● **To do**
Write out again, please, the records below from the first line to the line holding "obtain m where", inclusive, and nothing else.

━━━━━━━━

lemma val_p_pos: "0 < v (of_nat p)"
  using residue_char_p of_nat_p_nonzero unfolding val_pos_def by simp

lemma val_ge_choose_term:
  assumes "1 \<le> k" and "k < p" and "val_ge g y"
  shows "val_ge (v (of_nat p) + nsm k g) (of_nat (p choose k) * y ^ k)"
proof -
  obtain m where m: "p choose k = p * m"
    using dvd_choose_prime[of k p] assms prime_p by (auto elim: dvdE)
  have "val_ge (v (of_nat p)) (of_nat p * of_nat m)"
    using val_ge_mult[OF val_ge_val val_ge_of_nat, of "of_nat p" m] by simp
  from val_ge_mult[OF this val_ge_power[OF assms(3)]]
  have "val_ge (v (of_nat p) + nsm k g) (of_nat p * of_nat m * y ^ k)" .
  then show ?thesis by (simp only: m of_nat_mult)
qed

lemma zeta_minus_one_nonzero: "\<zz> \<noteq> 0"
  using primitive_root_zeta two_le_p unfolding primitive_root_def
  by (metis One_nat_def Suc_1 Suc_le_lessD power_one_right right_minus_eq zero_less_one)

lemma val_zeta: "v \<zeta> = 0"
proof -
  have "nsm p (v \<zeta>) = 0"
    using val_power[of \<zeta> p] primitive_root_zeta two_le_p
    by (simp add: primitive_root_nonzero) (simp add: primitive_root_def)
  then show ?thesis using nsm_eq_0_iff[of p "v \<zeta>"] two_le_p by simp
qed

lemma val_ge_zeta_minus_one: "val_ge 0 \<zz>"
  using val_ge_add[of 0 \<zeta> "- 1"] val_zeta by (simp add: val_ge_def)

lemma zeta_binomial_sum: "(\<Sum>k\<in>{1..p}. of_nat (p choose k) * \<zz> ^ k) = 0"
  using binomial_minus_one[of \<zz> p] primitive_root_zeta unfolding primitive_root_def by simp

text \<open>Both bounds on \<open>v p\<close> come from the relation \<open>\<Sum>\<^sub>k\<^sub>=\<^sub>1\<^sup>p (p choose k) \<zz>\<^sup>k = 0\<close>, by
  isolating the term \<open>k = p\<close> resp. \<open>k = 1\<close>.\<close>
lemma val_p_plus_val_le: "v (of_nat p) + v \<zz> \<le> nsm p (v \<zz>)"
proof -
  let ?T = "\<lambda>k. of_nat (p choose k) * \<zz> ^ k"
  have "{1..p} = insert p {1..<p}" using two_le_p by auto
  then have zp: "\<zz> ^ p = - (\<Sum>k\<in>{1..<p}. ?T k)"
    using zeta_binomial_sum by (simp add: eq_neg_iff_add_eq_0)
  have "val_ge (v (of_nat p) + v \<zz>) (?T k)" if "k \<in> {1..<p}" for k
  proof (rule val_ge_mono)
    show "val_ge (v (of_nat p) + nsm k (v \<zz>)) (?T k)"
      using val_ge_choose_term[of k "v \<zz>" \<zz>] that by simp
    show "v (of_nat p) + v \<zz> \<le> v (of_nat p) + nsm k (v \<zz>)"
      using nsm_mono_nat[of "v \<zz>" 1 k] val_ge_zeta_minus_one zeta_minus_one_nonzero that
      by (simp add: val_ge_def)
  qed
  then have "val_ge (v (of_nat p) + v \<zz>) (\<zz> ^ p)"
    unfolding zp by (intro val_ge_uminus val_ge_sum)
  then show ?thesis using zeta_minus_one_nonzero by (simp add: val_ge_def val_power)
qed

lemma val_p_le: "v (of_nat p) \<le> nsm (p - 1) (v \<zz>)"
  using val_p_plus_val_le nsm_pred[of p "v \<zz>"] two_le_p by (simp add: add.commute)

lemma val_zeta_minus_one_pos: "0 < v \<zz>"
proof -
  have "v \<zz> \<noteq> 0"
  proof
    assume "v \<zz> = 0"
    then have "v (of_nat p) \<le> 0" using val_p_le by simp
    with val_p_pos show False by simp
  qed
  then show ?thesis using val_ge_zeta_minus_one zeta_minus_one_nonzero by (simp add: val_ge_def)
qed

━━━━━━━━

● **Result**
lemma val_p_pos: "0 < v (of_nat p)"
  using residue_char_p of_nat_p_nonzero unfolding val_pos_def by simp

lemma val_ge_choose_term:
  assumes "1 \<le> k" and "k < p" and "val_ge g y"
  shows "val_ge (v (of_nat p) + nsm k g) (of_nat (p choose k) * y ^ k)"
proof -
  obtain m where m: "p choose k = p * m"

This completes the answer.